Giusto l’invito a evitare effusioni esagerate tra i fedeli. Vale la stretta di mano, che è legata al senso della liturgia."Il Signore ha tanti modi ci comunicare con te, ma di sicuro non vi chiamerà mai al cellulare, quindi spegnilo".

 

Chi ama la ragione e il suo buon uso non può che essere contento della disposizione della Chiesa a limitare le effusioni, durante la messa, soprattutto al momento dello scambio del segno della pace. A tutti voi sarà capitato di assistere almeno una volta alla messa negli ultimi cinquant’anni.

Se siete di Milano e diocesi, il gesto avviene prima dell’Offertorio, se invece appartenete al resto dell’Italia, esso ha luogo prima dell’Eucarestia. Il valore di quel gesto è simbolico e sta unicamente nel posto che occupa all’interno della liturgia, ed è perciò insensato lasciarsi andare alle effusioni, percorrere mezza chiesa per abbracciare questo o quello, addirittura baciarsi come ho visto fare parecchie volte.

Già Benedetto XVI aveva detto che il gesto consiste in una stretta di mano con i vicini di panca, quindi due al massimo, uno se vi trovate all’estremità della panca. C’è chi si è indignato, dichiarando che la buona educazione non può sostituire la passione (come se la passione vera fosse maleducata, e l’educazione fredda e apatica: scherziamo?). Io, invece, plaudo al richiamo e lo trovo molto pertinente. Da anni desidero fondare un Gruppo su Facebook contro il segno della pace. Non che non mi piaccia stringere la mano di chi mi sta vicino, però il senso di quel gesto è duro e impegnativo, e cavarsela con un sorriso e un abbraccio sa di ipocrisia lontano un miglio.
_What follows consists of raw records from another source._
lemma surrogate_lipschitz:
  assumes t: "t \<ge> 1" and lam1: "0 \<le> lam1" and X: "norm X \<le> B" and Y: "norm Y \<le> B"
    and lhat_lip: "\<And>i. i \<in> {1..t} \<Longrightarrow>
      \<bar>lhat lam1 lam2 G (d i) X (r i) (s i) - lhat lam1 lam2 G (d i) Y (r i) (s i)\<bar> \<le> K * norm (X - Y)"
  shows "\<bar>surrogate lam1 lam2 G d r s t X - surrogate lam1 lam2 G d r s t Y\<bar>
           \<le> (K + lam1 * B) * norm (X - Y)"
proof -
  define c where "c = lam1 / (2 * real t)"
  define mean_diff where "mean_diff = (1 / real t) *
    (\<Sum>i\<in>{1..t}. lhat lam1 lam2 G (d i) X (r i) (s i) - lhat lam1 lam2 G (d i) Y (r i) (s i))"
  have "c \<le> lam1 / 2"
    unfolding c_def by (rule divide_left_mono) (use lam1 t in auto)
  moreover have "0 \<le> c"
    unfolding c_def using lam1 by simp
  moreover have "\<bar>(norm X)\<^sup>2 - (norm Y)\<^sup>2\<bar> \<le> norm (X - Y) * (B + B)"
    using abs_power2_norm_diff_le[of X Y] mult_left_mono[OF add_mono[OF X Y] norm_ge_zero[of "X - Y"]]
    by linarith
  ultimately have "c * \<bar>(norm X)\<^sup>2 - (norm Y)\<^sup>2\<bar> \<le> lam1 / 2 * (norm (X - Y) * (B + B))"
    by (intro mult_mono) auto
  then have reg_diff: "\<bar>c * (norm X)\<^sup>2 - c * (norm Y)\<^sup>2\<bar> \<le> lam1 * B * norm (X - Y)"
    using \<open>0 \<le> c\<close> by (simp add: abs_mult ac_simps flip: right_diff_distrib)
  have "surrogate lam1 lam2 G d r s t X - surrogate lam1 lam2 G d r s t Y
      = mean_diff + (c * (norm X)\<^sup>2 - c * (norm Y)\<^sup>2)"
    unfolding surrogate_def c_def mean_diff_def by (simp add: sum_subtractf algebra_simps)
  then have "\<bar>surrogate lam1 lam2 G d r s t X - surrogate lam1 lam2 G d r s t Y\<bar>
      \<le> \<bar>mean_diff\<bar> + \<bar>c * (norm X)\<^sup>2 - c * (norm Y)\<^sup>2\<bar>"
    by (simp only: abs_triangle_ineq)
  also have "\<dots> \<le> K * norm (X - Y) + lam1 * B * norm (X - Y)"
    unfolding mean_diff_def using abs_mean_le[OF t lhat_lip] reg_diff by (rule add_mono)
  also have "\<dots> = (K + lam1 * B) * norm (X - Y)"
    by (simp add: algebra_simps)
  finally show ?thesis .
qed

lemma abs_le_of_lipschitz_on_bounded:
  fixes f :: "'a::real_normed_vector \<Rightarrow> real"
  assumes lip: "\<And>X Y. X \<in> A \<Longrightarrow> Y \<in> A \<Longrightarrow> \<bar>f X - f Y\<bar> \<le> K * norm (X - Y)" and "0 \<le> K"
    and bounded: "\<And>X. X \<in> A \<Longrightarrow> norm X \<le> B"
    and Z: "Z \<in> A" "\<bar>f Z\<bar> \<le> C"
    and X: "X \<in> A"
  shows "\<bar>f X\<bar> \<le> C + K * (2 * B)"
proof -
  have "norm (X - Z) \<le> 2 * B"
    using bounded[OF X] bounded[OF Z(1)] norm_triangle_ineq4[of X Z] by linarith
  then have "K * norm (X - Z) \<le> K * (2 * B)"
    using \<open>0 \<le> K\<close> by (rule mult_left_mono)
  then show ?thesis
    using lip[OF X Z(1)] Z(2) by linarith
qed

theorem proposition2:
  fixes lam1 lam2 M :: real
    and G :: "'p::finite set set"
    and d :: "nat \<Rightarrow> real ^ 'p"
    and r :: "nat \<Rightarrow> real ^ 'r::finite"
    and s :: "nat \<Rightarrow> real ^ 'p"
    and L :: "nat \<Rightarrow> real ^ 'r ^ 'p"
    and LL :: "(real ^ 'r ^ 'p) set"
  assumes lam1: "lam1 > 0" and lam2: "lam2 > 0"
    and G_fin: "finite G"
    and d_bd: "\<And>t. norm (d t) \<le> M"
    and rs_min: "\<And>t. t \<ge> 1 \<Longrightarrow> is_minimizer lam1 lam2 G (d t) (L (t - 1)) (r t) (s t)"
    and L_upd: "\<And>t. t \<ge> 1 \<Longrightarrow>
                  L t = Bmat d r s t ** matrix_inv (Amat r t + lam1 *\<^sub>R mat 1)"
    and LL_compact: "compact LL"
    and L_in: "\<And>t. L t \<in> LL"
  shows
    "(\<exists>C. (\<forall>t\<ge>1. \<bar>lhat lam1 lam2 G (d t) (L (t - 1)) (r t) (s t)\<bar> \<le> C)
          \<and> (\<forall>t i. \<bar>ell lam1 lam2 G (d i) (L t)\<bar> \<le> C))
     \<and> (\<exists>C K. \<forall>t\<ge>1.
          (\<forall>X\<in>LL. \<bar>surrogate lam1 lam2 G d r s t X\<bar> \<le> C)
          \<and> (\<forall>X\<in>LL. \<forall>Y\<in>LL.
               \<bar>surrogate lam1 lam2 G d r s t X - surrogate lam1 lam2 G d r s t Y\<bar>
                 \<le> K * norm (X - Y)))"
proof -
  have lam_nonneg: "0 \<le> lam1" "0 \<le> lam2"
    using lam1 lam2 by simp_all
  have "0 \<le> M"
    using order_trans[OF norm_ge_zero d_bd] .
  obtain B where "0 < B" and B: "\<And>X. X \<in> LL \<Longrightarrow> norm X \<le> B"
    using compact_imp_bounded[OF LL_compact] bounded_pos by blast
  define R where "R = M / sqrt lam1"
  define K where "K = R * (M + B * R + (2 * M + B * R))"
  have "0 \<le> K"
    unfolding K_def R_def using \<open>0 \<le> M\<close> \<open>0 < B\<close> lam1 by (simp add: zero_le_mult_iff)
  note rs_le = is_minimizer_norm_le[OF lam1 lam_nonneg(2) rs_min d_bd B[OF L_in], folded R_def]
  have lhat_lip: "\<bar>lhat lam1 lam2 G (d t) X (r t) (s t) - lhat lam1 lam2 G (d t) Y (r t) (s t)\<bar>
      \<le> K * norm (X - Y)" if "t \<ge> 1" "X \<in> LL" "Y \<in> LL" for t X Y
    unfolding K_def using d_bd rs_le B that by (intro lhat_lipschitz_in_L) auto
  have lhat_opt: "\<bar>lhat lam1 lam2 G (d t) (L (t - 1)) (r t) (s t)\<bar> \<le> M\<^sup>2 / 2" if "t \<ge> 1" for t
    using is_minimizer_lhat_le[OF rs_min[OF that]] lhat_nonneg[OF lam_nonneg, of G "d t" "L (t - 1)"]
      power_mono[OF d_bd[of t] norm_ge_zero, of 2] by simp
  have lhat_le: "\<bar>lhat lam1 lam2 G (d t) X (r t) (s t)\<bar> \<le> M\<^sup>2 / 2 + K * (2 * B)"
    if "t \<ge> 1" "X \<in> LL" for t X
    using abs_le_of_lipschitz_on_bounded[OF lhat_lip[OF that(1)] \<open>0 \<le> K\<close> B L_in lhat_opt] that by simp
  have "\<bar>ell lam1 lam2 G (d i) (L t)\<bar> \<le> M\<^sup>2 / 2" for i t
    using ell_nonneg[OF lam_nonneg, of G "d i" "L t"] ell_le_half_norm_sq[OF lam_nonneg, of G "d i" "L t"]
      power_mono[OF d_bd[of i] norm_ge_zero, of 2] by simp
  moreover have "\<forall>t\<ge>1. (\<forall>X\<in>LL. \<bar>surrogate lam1 lam2 G d r s t X\<bar> \<le> M\<^sup>2 / 2 + K * (2 * B) + lam1 / 2 * B\<^sup>2)
      \<and> (\<forall>X\<in>LL. \<forall>Y\<in>LL. \<bar>surrogate lam1 lam2 G d r s t X - surrogate lam1 lam2 G d r s t Y\<bar>
              \<le> (K + lam1 * B) * norm (X - Y))"
    using surrogate_abs_le[OF _ lam_nonneg(1) B lhat_le]
      surrogate_lipschitz[OF _ lam_nonneg(1) B B lhat_lip] by auto
  ultimately show ?thesis
    using lhat_opt by blast
qed

end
Chi, come il sottoscritto, appartiene alla Chiesa milanese, per esempio, riceve un aiuto importante per la comprensione del gesto: posto all’inizio dell’Offertorio, esso ci ricorda le parole di Gesù in Mt. 5: «Se dunque tu presenti la tua offerta all’altare e lì ti ricordi che tuo fratello ha qualche cosa contro di te, lascia lì il tuo dono davanti all’altare, va prima a riconciliarti con il tuo fratello e poi torna a offrire il tuo dono». Visto che, all’uscita dalla messa, noi sappiamo perfettamente che i conti in sospeso con questo o quel «fratello» sono rimasti tali e quali, resta da capire il perché di tanta effusione.
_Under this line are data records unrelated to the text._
lemma div_h_symmetric:
  assumes "\<And>q. symm (B q)"
  shows "(\<Sum>w\<in>UNIV. Dc N w (\<lambda>q. B q $ w) p) = div_h N B p"
proof -
  have "B q $ w $ s = transpose (B q) $ w $ s" for q w s
    using assms[of q] by (simp add: symm_def)
  then have entry: "(\<lambda>q. B q $ w $ s) = (\<lambda>q. B q $ s $ w)" for w s
    by (simp add: transpose_def)
  have "(\<Sum>w\<in>UNIV. Dc N w (\<lambda>q. B q $ w) p) $ s = div_h N B p $ s" for s
  proof -
    have "(\<Sum>w\<in>UNIV. Dc N w (\<lambda>q. B q $ w) p) $ s = (\<Sum>w\<in>UNIV. Dc N w (\<lambda>q. B q $ w $ s) p)"
      by (simp add: sum_component Dc_component)
    also have "\<dots> = (\<Sum>w\<in>UNIV. Dc N w (\<lambda>q. B q $ s $ w) p)"
      by (simp only: entry)
    finally show ?thesis by (simp add: div_h_def)
  qed
  then show ?thesis by (simp add: vec_eq_iff)
qed

lemma Sum_any_alpha_h_inner:
  assumes "Q2 \<in> Vspace N"
  shows "Sum_any (\<lambda>p. alpha_h N Q1 p \<bullet> Q2 p) = - 2 * Sum_any (\<lambda>p. div_h N Q1 p \<bullet> div_h N Q2 p)"
proof -
  have symm: "\<And>q. symm (Q2 q)" and traceless: "\<And>q. trace (Q2 q) = 0"
    using assms by (simp_all add: Vspace_def)
  have "alpha_h N Q1 p \<bullet> Q2 p = 2 * (grad_h N (div_h N Q1) p \<bullet> Q2 p)" for p
    unfolding alpha_h_eq_grad_div_h
    by (rule inner_symmetric_traceless) (use symm[of p] traceless[of p] in \<open>simp_all add: symm_def\<close>)
  then have "Sum_any (\<lambda>p. alpha_h N Q1 p \<bullet> Q2 p)
      = Sum_any (\<lambda>p. 2 * (grad_h N (div_h N Q1) p \<bullet> Q2 p))"
    by simp
  also have "\<dots> = 2 * Sum_any (\<lambda>p. grad_h N (div_h N Q1) p \<bullet> Q2 p)"
    by (rule Sum_any_cmult)
  also have "\<dots> = - 2 * Sum_any (\<lambda>p. div_h N Q1 p \<bullet> div_h N Q2 p)"
    unfolding Sum_any_grad_h_inner[OF finite_support_Vspace[OF assms]] div_h_symmetric[OF symm]
    by simp
  finally show ?thesis .
qed

lemma Sum_any_lap_h_inner:
  assumes Q2: "finite_support Q2"
  shows "Sum_any (\<lambda>p. lap_h N Q1 p \<bullet> Q2 p)
       = - (\<Sum>\<alpha>\<in>UNIV. Sum_any (\<lambda>p. Dp N \<alpha> Q1 p \<bullet> Dp N \<alpha> Q2 p))"
proof -
  have "Sum_any (\<lambda>p. lap_h N Q1 p \<bullet> Q2 p) = Sum_any (\<lambda>p. \<Sum>\<alpha>\<in>UNIV. Dm N \<alpha> (Dp N \<alpha> Q1) p \<bullet> Q2 p)"
    by (simp add: lap_h_def inner_sum_left)
  also have "\<dots> = (\<Sum>\<alpha>\<in>UNIV. Sum_any (\<lambda>p. Dm N \<alpha> (Dp N \<alpha> Q1) p \<bullet> Q2 p))"
  proof (rule Sum_any_sum)
    show "finite_support (\<lambda>p. Dm N \<alpha> (Dp N \<alpha> Q1) p \<bullet> Q2 p)" for \<alpha>
      using Q2 by (rule finite_support_dominated) simp
  qed simp
  also have "\<dots> = (\<Sum>\<alpha>\<in>UNIV. - Sum_any (\<lambda>p. Dp N \<alpha> Q1 p \<bullet> Dp N \<alpha> Q2 p))"
    by (simp only: Sum_any_Dm_inner[OF Q2])
  finally show ?thesis by (simp only: sum_negf)
qed

lemma ip_h_opA:
  fixes a b c A0 :: real and Qn Qnm1 :: gridfun
  assumes Q2: "Q2 \<in> Vspace N"
  defines "P \<equiv> Pbar a b c A0 Qn Qnm1"
  shows "ip_h N (opA a b c A0 L1 L2 L3 M dt N Qn Qnm1 Q1) Q2 = meshsize N ^ 3 *
     (1 / dt * Sum_any (\<lambda>p. Q1 p \<bullet> Q2 p)
      + M * L1 / 2 * (\<Sum>\<alpha>\<in>UNIV. Sum_any (\<lambda>p. Dp N \<alpha> Q1 p \<bullet> Dp N \<alpha> Q2 p))
      + M / 2 * Sum_any (\<lambda>p. (P p \<bullet> Q1 p) * (P p \<bullet> Q2 p))
      + M * (L2 + L3) / 2 * Sum_any (\<lambda>p. div_h N Q1 p \<bullet> div_h N Q2 p))"
proof -
  have fs: "finite_support Q2" by (rule finite_support_Vspace[OF Q2])
  have pointwise: "opA a b c A0 L1 L2 L3 M dt N Qn Qnm1 Q1 p \<bullet> Q2 p =
      1 / dt * (Q1 p \<bullet> Q2 p) - M * L1 / 2 * (lap_h N Q1 p \<bullet> Q2 p)
      + M / 2 * ((P p \<bullet> Q1 p) * (P p \<bullet> Q2 p)) - M * (L2 + L3) / 4 * (alpha_h N Q1 p \<bullet> Q2 p)" for p
    by (simp add: opA_def P_def Let_def frob_eq_inner inner_add_left inner_diff_left)
  have "Sum_any (\<lambda>p. opA a b c A0 L1 L2 L3 M dt N Qn Qnm1 Q1 p \<bullet> Q2 p) =
      1 / dt * Sum_any (\<lambda>p. Q1 p \<bullet> Q2 p) - M * L1 / 2 * Sum_any (\<lambda>p. lap_h N Q1 p \<bullet> Q2 p)
      + M / 2 * Sum_any (\<lambda>p. (P p \<bullet> Q1 p) * (P p \<bullet> Q2 p))
      - M * (L2 + L3) / 4 * Sum_any (\<lambda>p. alpha_h N Q1 p \<bullet> Q2 p)"
    unfolding pointwise
    by (simp add: Sum_any_eq_sum_support[OF fs] sum.distrib sum_subtractf sum_distrib_left
        sum_divide_distrib)
  also have "\<dots> =
     1 / dt * Sum_any (\<lambda>p. Q1 p \<bullet> Q2 p)
      + M * L1 / 2 * (\<Sum>\<alpha>\<in>UNIV. Sum_any (\<lambda>p. Dp N \<alpha> Q1 p \<bullet> Dp N \<alpha> Q2 p))
      + M / 2 * Sum_any (\<lambda>p. (P p \<bullet> Q1 p) * (P p \<bullet> Q2 p))
      + M * (L2 + L3) / 2 * Sum_any (\<lambda>p. div_h N Q1 p \<bullet> div_h N Q2 p)"
    unfolding Sum_any_lap_h_inner[OF fs] Sum_any_alpha_h_inner[OF Q2] by simp
  finally show ?thesis
    using ip_h_eq_Sum_any[OF Vspace_vanishes[OF Q2]] by simp
qed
La mia risposta potrà irritare qualcuno, ma non ne ho trovata una migliore: la ragione per cui ci si slancia in strette di mano, abbracci e (sic) baci sta nel fatto che a tutti noi piacerebbe, e meno male, che il mondo fosse uno e concorde, però senza troppi rischi da parte nostra. Lo dimostra la faccia che facciamo di solito al momento dello scambio della pace: una faccia da scemi. Non appena il prete pronuncia le fatali parole «scambiatevi un segno di pace», sulle nostre labbra si disegna immediatamente, in automatico, un sorrisetto che si vorrebbe edenico ma che è solo vagamente cretino, e questo succede anche alle persone più intelligenti, perché la faccia che facciamo dipende soprattutto dalla parte che il copione della vita ci chiede di recitare.
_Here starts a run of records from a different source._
lemma eta_natural:
  assumes "h \<in> hom A B"
  shows "eta A (Dn_mor A h u) = DS_mor A h (eta B u)"
  using hom_skel[OF assms] by (auto simp: eta_def Dn_mor_def DS_mor_def skel_def)

theorem theorem4p4:
  fixes n :: nat
  assumes "n \<ge> 1"
  shows
    "(\<forall>A :: 'a pmv_alg. in_PMV n A \<longrightarrow>
        bij_betw (eta A) (hom A (PL n)) (dlhom A) \<and>
        (\<forall>u\<in>hom A (PL n). \<forall>v\<in>hom A (PL n).
           (\<forall>a\<in>pcarrier A. u a \<le> v a) \<longleftrightarrow> (\<forall>a\<in>skel A. eta A u a \<le> eta A v a)) \<and>
        homeomorphic_map (Dn_top n A) (D_top A) (eta A))
   \<and>
    (\<forall>(A :: 'a pmv_alg) (B :: 'b pmv_alg) h. in_PMV n A \<longrightarrow> in_PMV n B \<longrightarrow> h \<in> hom A B \<longrightarrow>
        (\<forall>u\<in>hom B (PL n). eta A (Dn_mor A h u) = DS_mor A h (eta B u)))"
proof (intro conjI allI impI ballI)
  fix A :: "'a pmv_alg"
  assume "in_PMV n A"
  then interpret pmv_algebra n A using assms by unfold_locales
  show "bij_betw (eta A) (hom A (PL n)) (dlhom A)" by (rule bij_betw_eta)
  show "homeomorphic_map (Dn_top n A) (D_top A) (eta A)" by (rule homeomorphic_map_eta)
  fix u v assume "u \<in> hom A (PL n)" "v \<in> hom A (PL n)"
  then show "(\<forall>a\<in>pcarrier A. u a \<le> v a) \<longleftrightarrow> (\<forall>a\<in>skel A. eta A u a \<le> eta A v a)" by (rule eta_le_iff)
next
  fix A :: "'a pmv_alg" and B :: "'b pmv_alg" and h u
  assume "h \<in> hom A B"
  then show "eta A (Dn_mor A h u) = DS_mor A h (eta B u)" by (rule eta_natural)
qed

end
Tutti recitiamo sempre una parte. L’obbedienza alla parte che ci è stata assegnata è indice della nostra serietà: il Teatro ce lo insegna da 2500 anni. Occorre però comprendere la parte che recitiamo, altrimenti il rischio è quello di pensare di recitarne un’altra. Lo scambio della pace serve a ricordarci che non siamo noi gli artefici della pace, che la vera pace viene da Gesù Cristo, ossia da Dio: un nome di fronte al quale, se solo avessimo un piccolissimo filo di coscienza, dovremmo soprattutto tremare. La buona educazione raccomandata dalla Chiesa è questo: una stretta di mano con un filo di sgomento per ciò che Dio è e per quello che ci ha donato. Anche la passione nasce da qui, però senza sorrisi scemi.